Pages

Monday, July 19, 2021

Book Review: The Plot by Will Eisner

The Plot: The Secret Story of The Protocols of the Elders of Zion by Will Eisner

Seeking a way to manipulated the fickle Czar Nicholas II, Russian bureaucrats needed a justification for blaming the country's problems on Russian Jews rather than the repressive government. Mathieu Golovinski, a minor official with a track record in forging evidence, was commissioned. Golovinski found The Dialogue in Hell Between Machiavelli and Montesquieu, a French propaganda piece meant to discredit Napoleon III's corrupt government. Golovinski freshened up the vocabulary and shifted the target to a supposed Jewish conspiracy to take over the whole world. Thus The Protocols of the Elders of Zion came into existence. To get it to the Czar's attention, they passed the text on to a Russian court holy man, Sergius Nilus. He incorporated the text into his own book The Great and the Small before The Protocols became an independent work in the early 1900s. The book spread worldwide, especially after the Russian Revolution caused a dispersal of Russian aristocrats fleeing the Bolshevik tyranny.
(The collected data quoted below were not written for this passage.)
lemma diag_as_sum_monoms:
  assumes "Q \<in> V2 w1 w2"
  shows "diag Q = (\<Sum>j\<le>w2. \<Sum>i\<le>w1. monom (coeff (coeff Q j) i) (i + j))"
proof -
  from assms have dQ: "degree Q \<le> w2" and dc: "\<And>j. degree (coeff Q j) \<le> w1"
    by (auto simp: V2_def)
  have "diag Q = poly (\<Sum>j\<le>w2. monom (coeff Q j) j) [:0, 1:]"
    unfolding diag_def poly_as_sum_of_monoms'[OF dQ] ..
  also have "\<dots> = (\<Sum>j\<le>w2. (\<Sum>i\<le>w1. monom (coeff (coeff Q j) i) i) * monom 1 j)"
    unfolding poly_sum poly_as_sum_of_monoms'[OF dc] by (simp add: poly_monom linear_monom_power)
  also have "\<dots> = (\<Sum>j\<le>w2. \<Sum>i\<le>w1. monom (coeff (coeff Q j) i) (i + j))"
    by (simp add: sum_distrib_right mult_monom)
  finally show ?thesis .
qed

lemma degree_diag_le: "Q \<in> V2 w1 w2 \<Longrightarrow> degree (diag Q) \<le> w1 + w2"
  unfolding diag_as_sum_monoms by (intro degree_sum_le) (auto intro: order.trans[OF degree_monom_le])

lemma diag_act2:
  assumes "Q \<in> V2 w1 w2"
  shows "diag (act2 w1 w2 g g Q) = act1 (w1 + w2) g (diag Q)"
proof -
  have "diag (act2 w1 w2 g g Q) = (\<Sum>j\<le>w2. \<Sum>i\<le>w1.
      smult (coeff (coeff Q j) i) (numer g ^ i * denom g ^ (w1 - i)) * (numer g ^ j * denom g ^ (w2 - j)))"
    unfolding act2_def diag_def poly_sum by (simp add: poly_poly_X2_X)
  also have "\<dots> = (\<Sum>j\<le>w2. \<Sum>i\<le>w1. act1 (w1 + w2) g (monom (coeff (coeff Q j) i) (i + j)))"
  proof (intro sum.cong refl)
    fix i j assume "i \<in> {..w1}" "j \<in> {..w2}"
    then have "act1 (w1 + w2) g (monom (coeff (coeff Q j) i) (i + j)) =
        smult (coeff (coeff Q j) i) (numer g ^ (i + j) * denom g ^ ((w1 - i) + (w2 - j)))"
      by (simp add: act1_monom)
    then show "smult (coeff (coeff Q j) i) (numer g ^ i * denom g ^ (w1 - i)) *
        (numer g ^ j * denom g ^ (w2 - j)) = act1 (w1 + w2) g (monom (coeff (coeff Q j) i) (i + j))"
      unfolding power_add mult_smult_left by (simp only: mult_ac)
  qed
  also have "\<dots> = act1 (w1 + w2) g (diag Q)"
    unfolding diag_as_sum_monoms[OF assms] act1_sum ..
  finally show ?thesis .
qed

lemma degree_le_if_in_W1: "P \<in> W1 n \<Longrightarrow> degree P \<le> n"
  by (simp add: W1_def V1_def)

definition polarize :: "nat \<Rightarrow> nat \<Rightarrow> rat poly \<Rightarrow> rat poly poly" where
  "polarize w1 w2 P = polarization w1 w2 (binomial_coords (w1 + w2) P)"

lemma polarize_binomial_poly: "polarize w1 w2 (binomial_poly (w1 + w2) a) = polarization w1 w2 a"
  unfolding polarize_def by (intro polarization_cong) (simp add: binomial_coords_binomial_poly)

lemma polarize_add: "polarize w1 w2 (P + Q) = polarize w1 w2 P + polarize w1 w2 Q"
  unfolding polarize_def polarization_def binomial_coords_add
  by (simp add: distrib_left smult_add_left distrib_right sum.distrib)

lemma polarize_0 [simp]: "polarize w1 w2 0 = 0"
  by (simp add: polarize_def polarization_def binomial_coords_def)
By the 1920s, The Dialogue in Hell was rediscovered and The Times of London had an article detailing the obvious plagiarism. In spite of constant debunking, The Protocols is still in publication and people are still willing to believe, even in the face of overwhelming evidence, that it accurately describes what Jews are like and what Jews are planning. Such a belief is eminently ridiculous but people often grasp at straws in order to justify their prejudices.

This book documents (in Eisner's typically evocative graphic format) the history of The Protocols. It's the last graphic book that Eisner made and is the product of twenty years of research. The case against The Protocols is irrefutable, as is the sad fact that some people still give it credence. Eisner goes over the various publications all over the world in the last half of the twentieth century all the way up to 2003 when the book was published.

Highly recommended--It's important to be informed about this nonsense and to be able to refute it.